The next step is to develop scenarios ranging from best case to worst case to analyze the potential impact of revenue and/or cost reductions on the organization. Modeling the various options available to you will help to determine which program is best for your organization. Each program achieves a different objective – for instance:

  • The Paycheck Protection Program can assist in retaining employees in the short term.
  • The Emergency Economic Injury Grants are helpful in covering a small immediate liquidity need.
  • The Small Business Debt Relief Program provides aid to those concerned with making SBA loan payments.

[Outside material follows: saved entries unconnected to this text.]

lemma couplings_relcomp:
  assumes "\<omega>1 \<in> couplings \<mu> \<nu>" and "\<omega>2 \<in> couplings \<nu> \<rho>"
  shows "\<exists>\<omega>\<in>couplings \<mu> \<rho>. set_pmf \<omega> = set_pmf \<omega>1 O set_pmf \<omega>2"
proof -
  have \<mu>: "\<mu> = map_pmf fst \<omega>1" and \<nu>: "\<nu> = map_pmf snd \<omega>1" "\<nu> = map_pmf fst \<omega>2"
    and \<rho>: "\<rho> = map_pmf snd \<omega>2"
    using assms by (auto simp: couplings_def)
  define \<omega> where "\<omega> = bind_pmf \<omega>1 (\<lambda>xy. bind_pmf (cond_pmf \<omega>2 {yz. fst yz = snd xy})
    (\<lambda>yz. return_pmf (fst xy, snd yz)))"
  have nonempty: "set_pmf \<omega>2 \<inter> {yz. fst yz = snd xy} \<noteq> {}" if "xy \<in> set_pmf \<omega>1" for xy
  proof -
    have "snd xy \<in> fst ` set_pmf \<omega>2"
      using that couplings_common_marginal[OF assms] by blast
    then show ?thesis by auto
  qed
  have "set_pmf \<omega> = set_pmf \<omega>1 O set_pmf \<omega>2"
  proof
    show "set_pmf \<omega> \<subseteq> set_pmf \<omega>1 O set_pmf \<omega>2"
      using nonempty by (auto simp: \<omega>_def set_cond_pmf)
  next
    show "set_pmf \<omega>1 O set_pmf \<omega>2 \<subseteq> set_pmf \<omega>"
    proof
      fix xz assume "xz \<in> set_pmf \<omega>1 O set_pmf \<omega>2"
      then obtain x y z where xz: "xz = (x, z)" and xy: "(x, y) \<in> set_pmf \<omega>1"
        and yz: "(y, z) \<in> set_pmf \<omega>2"
        by auto
      have "(y, z) \<in> set_pmf (cond_pmf \<omega>2 {yz. fst yz = snd (x, y)})"
        using nonempty[OF xy] yz by (subst set_cond_pmf) auto
      then show "xz \<in> set_pmf \<omega>" unfolding \<omega>_def xz using xy by force
    qed
  qed
  moreover have "map_pmf fst \<omega> = \<mu>"
    using nonempty by (simp add: \<omega>_def map_bind_pmf split_beta map_pmf_def[symmetric] \<mu> map_pmf_comp)
  moreover have "map_pmf snd \<omega> = \<rho>"
  proof -
    have "map_pmf snd \<omega> = map_pmf snd (bind_pmf \<nu> (\<lambda>y. cond_pmf \<omega>2 {yz. fst yz = y}))"
      by (simp add: \<omega>_def \<nu>(1) split_beta bind_map_pmf map_pmf_def[symmetric] map_bind_pmf map_pmf_comp)
    then show ?thesis
      unfolding \<rho> \<nu>(2) bind_map_pmf by (subst (asm) bind_cond_pmf_cancel) (auto simp: eq_commute)
  qed
  ultimately show ?thesis by (auto simp: couplings_def)
qed

lemma map_swap_couplings: "\<omega> \<in> couplings \<mu> \<nu> \<Longrightarrow> map_pmf prod.swap \<omega> \<in> couplings \<nu> \<mu>"
  by (simp add: couplings_def pmf.map_comp comp_def)

definition diag_pmf :: "'a pmf \<Rightarrow> ('a \<times> 'a) pmf" where
  "diag_pmf \<mu> = map_pmf (\<lambda>a. (a, a)) \<mu>"

lemma diag_pmf_couplings: "diag_pmf \<mu> \<in> couplings \<mu> \<mu>"
  by (simp add: diag_pmf_def couplings_def pmf.map_comp comp_def)

lemma set_diag_pmf_subset: "set_pmf (diag_pmf \<mu>) \<subseteq> diag_pairs"
  by (auto simp: diag_pmf_def)

lemma policy_coupling: "policy \<tau> lab P \<Longrightarrow> lab s = lab t \<Longrightarrow> P (s, t) \<in> couplings (\<tau> s) (\<tau> t)"
  by (auto simp: policy_def)

lemma policy_diff_label: "policy \<tau> lab P \<Longrightarrow> lab s \<noteq> lab t \<Longrightarrow> P (s, t) = return_pmf (s, t)"
  by (auto simp: policy_def)

definition independent_policy :: "('s \<Rightarrow> 's pmf) \<Rightarrow> ('s \<Rightarrow> 'l) \<Rightarrow> 's \<times> 's \<Rightarrow> ('s \<times> 's) pmf" where
  "independent_policy \<tau> lab x =
     (if lab (fst x) = lab (snd x) then pair_pmf (\<tau> (fst x)) (\<tau> (snd x)) else return_pmf x)"

lemma policy_independent_policy: "policy \<tau> lab (independent_policy \<tau> lab)"
  by (auto simp: policy_def independent_policy_def couplings_def map_fst_pair_pmf map_snd_pair_pmf)

lemma policy_override:
  assumes "policy \<tau> lab P"
    and "\<And>s t. (s, t) \<in> Y \<Longrightarrow> lab s = lab t \<and> C (s, t) \<in> couplings (\<tau> s) (\<tau> t)"
  shows "policy \<tau> lab (\<lambda>x. if x \<in> Y then C x else P x)"
  using assms unfolding policy_def by auto

section \<open>Attracting sets of pairs\<close>

fun attracted :: "('s \<Rightarrow> 's pmf) \<Rightarrow> ('s \<Rightarrow> 'l) \<Rightarrow> ('s \<times> 's) set \<Rightarrow> nat \<Rightarrow> 's \<times> 's \<Rightarrow> bool" where
  "attracted \<tau> lab X 0 x \<longleftrightarrow> x \<in> diag_pairs"
| "attracted \<tau> lab X (Suc n) x \<longleftrightarrow> x \<in> diag_pairs \<or> (x \<in> X \<and> lab (fst x) = lab (snd x) \<and>
     (\<exists>\<omega>\<in>couplings (\<tau> (fst x)) (\<tau> (snd x)). set_pmf \<omega> \<subseteq> X \<and> (\<exists>y\<in>set_pmf \<omega>. attracted \<tau> lab X n y)))"

lemma attracted_mono: "attracted \<tau> lab X n x \<Longrightarrow> X \<subseteq> Y \<Longrightarrow> attracted \<tau> lab Y n x"
proof (induction n arbitrary: x)
  case (Suc n) then show ?case by simp blast
qed simp

lemma attracted_swap: "attracted \<tau> lab X n x \<Longrightarrow> attracted \<tau> lab (X\<inverse>) n (prod.swap x)"
proof (induction n arbitrary: x)
  case (Suc n)
  show ?case
  proof (cases "x \<in> diag_pairs")
    case False
    then obtain \<omega> y where \<omega>: "\<omega> \<in> couplings (\<tau> (fst x)) (\<tau> (snd x))" "set_pmf \<omega> \<subseteq> X"
      and y: "y \<in> set_pmf \<omega>" "attracted \<tau> lab X n y" and "x \<in> X" "lab (fst x) = lab (snd x)"
      using Suc.prems by auto
    moreover have "prod.swap y \<in> set_pmf (map_pmf prod.swap \<omega>)"
      using y(1) by simp
    moreover have "set_pmf (map_pmf prod.swap \<omega>) \<subseteq> X\<inverse>" "prod.swap x \<in> X\<inverse>"
      using \<omega>(2) \<open>x \<in> X\<close> by (auto simp: prod.swap_def)
    ultimately show ?thesis
      using map_swap_couplings[OF \<omega>(1)] Suc.IH[OF y(2)]
      by (auto intro!: bexI[of _ "map_pmf prod.swap \<omega>"])
  qed simp
qed simp

definition attracting :: "('s \<Rightarrow> 's pmf) \<Rightarrow> ('s \<Rightarrow> 'l) \<Rightarrow> ('s \<times> 's) set \<Rightarrow> bool" where
  "attracting \<tau> lab X \<longleftrightarrow> diag_pairs \<subseteq> X \<and> (\<forall>x\<in>X. \<exists>n. attracted \<tau> lab X n x)"

definition attraction_time :: "('s \<Rightarrow> 's pmf) \<Rightarrow> ('s \<Rightarrow> 'l) \<Rightarrow> ('s \<times> 's) set \<Rightarrow> 's \<times> 's \<Rightarrow> nat" where
  "attraction_time \<tau> lab X x = (LEAST n. attracted \<tau> lab X n x)"

lemma attraction_time_decreasing_coupling:
  assumes "attracting \<tau> lab X" and x: "x \<in> X" "x \<notin> diag_pairs"
  shows "lab (fst x) = lab (snd x) \<and> (\<exists>\<omega>\<in>couplings (\<tau> (fst x)) (\<tau> (snd x)). set_pmf \<omega> \<subseteq> X \<and>
    (\<exists>y\<in>set_pmf \<omega>. attraction_time \<tau> lab X y < attraction_time \<tau> lab X x))"
proof -
  have "attracted \<tau> lab X (attraction_time \<tau> lab X x) x"
    unfolding attraction_time_def using assms by (auto simp: attracting_def intro: LeastI_ex)
  moreover obtain m where m: "attraction_time \<tau> lab X x = Suc m"
    using calculation x by (cases "attraction_time \<tau> lab X x") auto
  ultimately obtain \<omega> y where "lab (fst x) = lab (snd x)" "\<omega> \<in> couplings (\<tau> (fst x)) (\<tau> (snd x))"
    "set_pmf \<omega> \<subseteq> X" "y \<in> set_pmf \<omega>" and "attracted \<tau> lab X m y"
    using x by auto
  moreover from \<open>attracted \<tau> lab X m y\<close> have "attraction_time \<tau> lab X y < attraction_time \<tau> lab X x"
    unfolding m unfolding attraction_time_def by (simp add: Least_le le_imp_less_Suc)
  ultimately show ?thesis by blast
qed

Additionally, consider non-federal options, such as discussing short-term deferrals with your current bank.

Q: How should I create a financial forecast/model for the next year?
A:

If you have the benefit of waiting, this is likely a time period in which it makes sense to delay significant in-depth forecasting efforts, particularly if your business environment is complicated or subject to significantly volatility as a result of recent events. The concern with beginning to model for future periods, outside of the next three-to-six months, is that you’ll be using information that is incomplete and ever-changing. This could lead to snap judgments that are short-term in nature and detrimental to long-term planning and success of your organization. 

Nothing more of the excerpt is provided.